#### TASK BRIEF:
After reading the data below, copy out every line that contains the word "moreover".

━━━━

lemma C1_on_const: "C1_on S (\<lambda>p. k) (\<lambda>p. 0) (\<lambda>p. 0)"
  unfolding C1_on_def by simp

lemma C1_on_fst: "C1_on S fst (\<lambda>p. 1) (\<lambda>p. 0)"
  unfolding C1_on_def by (simp add: has_derivative_fst[OF has_derivative_ident])

lemma C1_on_add:
  assumes "C1_on S f fx fy" "C1_on S g gx gy"
  shows "C1_on S (\<lambda>p. f p + g p) (\<lambda>p. fx p + gx p) (\<lambda>p. fy p + gy p)"
  unfolding C1_on_def
proof (intro conjI ballI)
  fix p assume "p \<in> S"
  then have "((\<lambda>p. f p + g p) has_derivative
      (\<lambda>v. (fst v * fx p + snd v * fy p) + (fst v * gx p + snd v * gy p))) (at p)"
    using assms unfolding C1_on_def by (intro has_derivative_add) auto
  then show "((\<lambda>p. f p + g p) has_derivative
      (\<lambda>v. fst v * (fx p + gx p) + snd v * (fy p + gy p))) (at p)"
    by (simp add: algebra_simps)
qed (use assms in \<open>auto simp: C1_on_def intro!: continuous_on_add\<close>)

lemma C1_on_mult:
  assumes "C1_on S f fx fy" "C1_on S g gx gy"
  shows "C1_on S (\<lambda>p. f p * g p) (\<lambda>p. fx p * g p + f p * gx p) (\<lambda>p. fy p * g p + f p * gy p)"
  unfolding C1_on_def
proof (intro conjI ballI)
  fix p assume "p \<in> S"
  then have "((\<lambda>p. f p * g p) has_derivative
      (\<lambda>v. f p * (fst v * gx p + snd v * gy p) + (fst v * fx p + snd v * fy p) * g p)) (at p)"
    using assms unfolding C1_on_def by (intro has_derivative_mult) auto
  then show "((\<lambda>p. f p * g p) has_derivative
      (\<lambda>v. fst v * (fx p * g p + f p * gx p) + snd v * (fy p * g p + f p * gy p))) (at p)"
    by (simp add: algebra_simps)
qed (use assms C1_on_imp_continuous_on[OF assms(1)] C1_on_imp_continuous_on[OF assms(2)]
     in \<open>auto simp: C1_on_def intro!: continuous_intros\<close>)

lemma C1_on_cmult: "C1_on S f fx fy \<Longrightarrow> C1_on S (\<lambda>p. k * f p) (\<lambda>p. k * fx p) (\<lambda>p. k * fy p)"
  using C1_on_mult[OF C1_on_const[of S k]] by simp

lemma C1_on_compose:
  assumes f: "C1_on S f fx fy" and h: "\<And>t. (h has_real_derivative h' t) (at t)" "continuous_on UNIV h'"
  shows "C1_on S (\<lambda>p. h (f p)) (\<lambda>p. h' (f p) * fx p) (\<lambda>p. h' (f p) * fy p)"
  unfolding C1_on_def
proof (intro conjI ballI)
  fix p assume "p \<in> S"
  then have "(f has_derivative (\<lambda>v. fst v * fx p + snd v * fy p)) (at p)"
    using f unfolding C1_on_def by blast
  moreover have "(h has_derivative (\<lambda>x. h' (f p) * x)) (at (f p))"
    using h(1)[of "f p"] by (simp add: has_field_derivative_def)
  ultimately show "((\<lambda>p. h (f p)) has_derivative
      (\<lambda>v. fst v * (h' (f p) * fx p) + snd v * (h' (f p) * fy p))) (at p)"
    using has_derivative_compose by (fastforce simp: algebra_simps)
next
  have "continuous_on S (\<lambda>p. h' (f p))"
    using C1_on_imp_continuous_on[OF f] h(2) by (metis continuous_on_compose2 subset_UNIV)
  then show "continuous_on S (\<lambda>p. h' (f p) * fx p)" "continuous_on S (\<lambda>p. h' (f p) * fy p)"
    using f unfolding C1_on_def by (auto intro!: continuous_intros)
qed

lemma C1_on_exp: "C1_on S f fx fy \<Longrightarrow> C1_on S (\<lambda>p. exp (f p)) (\<lambda>p. exp (f p) * fx p) (\<lambda>p. exp (f p) * fy p)"
  by (rule C1_on_compose) (auto intro: continuous_on_exp continuous_on_id)

lemma C1_on_canonical: "C1_on S f fx fy \<Longrightarrow> open S \<Longrightarrow> C1_on S f (dX f) (dY f)"
  by (rule C1_on_cong[of S f fx fy]) (auto simp: C1_on_partials)

lemma has_derivative_partials:
  assumes "f differentiable (at p)"
  shows "(f has_derivative (\<lambda>v. fst v * dX f p + snd v * dY f p)) (at p)"
proof -
  have lin: "linear (frechet_derivative f (at p))"
    by (rule linear_frechet_derivative[OF assms])
  have "frechet_derivative f (at p) v = fst v * dX f p + snd v * dY f p" for v
  proof -
    have "frechet_derivative f (at p) v = frechet_derivative f (at p) (fst v *\<^sub>R (1, 0) + snd v *\<^sub>R (0, 1))"
      by simp
    also have "\<dots> = fst v *\<^sub>R frechet_derivative f (at p) (1, 0) + snd v *\<^sub>R frechet_derivative f (at p) (0, 1)"
      by (simp only: linear_add[OF lin] linear_scale[OF lin])
    finally show ?thesis by (simp add: dX_def dY_def)
  qed
  then have "frechet_derivative f (at p) = (\<lambda>v. fst v * dX f p + snd v * dY f p)" ..
  then show ?thesis using frechet_derivative_works[THEN iffD1, OF assms] by simp
qed

lemma Basis_real_pair: "(Basis :: (real \<times> real) set) = {(1, 0), (0, 1)}"
  by (auto simp: Basis_prod_def)

lemma Ck_Suc_imp_C1_on:
  assumes "Ck (Suc k) S f"
  shows "C1_on S f (dX f) (dY f)" "Ck k S (dX f)" "Ck k S (dY f)"
proof -
  show k: "Ck k S (dX f)" "Ck k S (dY f)"
    using assms by (simp_all add: Basis_real_pair dX_def[abs_def] dY_def[abs_def])
  have "continuous_on S g" if "Ck k S g" for g
  proof (cases k)
    case (Suc n)
    then show ?thesis using that
      by (auto intro: continuous_at_imp_continuous_on differentiable_imp_continuous_within)
  qed (use that in simp)
  then show "C1_on S f (dX f) (dY f)"
    using assms k has_derivative_partials unfolding C1_on_def by auto
qed

lemma C1_on_imp_Ck_1:
  assumes "C1_on S f fx fy" "open S"
  shows "Ck 1 S f"
proof -
  have f: "C1_on S f (dX f) (dY f)" by (rule C1_on_canonical[OF assms])
  then have "\<forall>p\<in>S. f differentiable (at p)"
    unfolding C1_on_def differentiable_def by blast
  moreover have "continuous_on S (dX f)" "continuous_on S (dY f)"
    using f unfolding C1_on_def by blast+
  ultimately show ?thesis
    by (simp add: Basis_real_pair dX_def[abs_def] dY_def[abs_def])
qed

━━━━

#### SOLUTION TO THIS TASK:
  moreover have "(h has_derivative (\<lambda>x. h' (f p) * x)) (at (f p))"
  moreover have "continuous_on S (dX f)" "continuous_on S (dY f)"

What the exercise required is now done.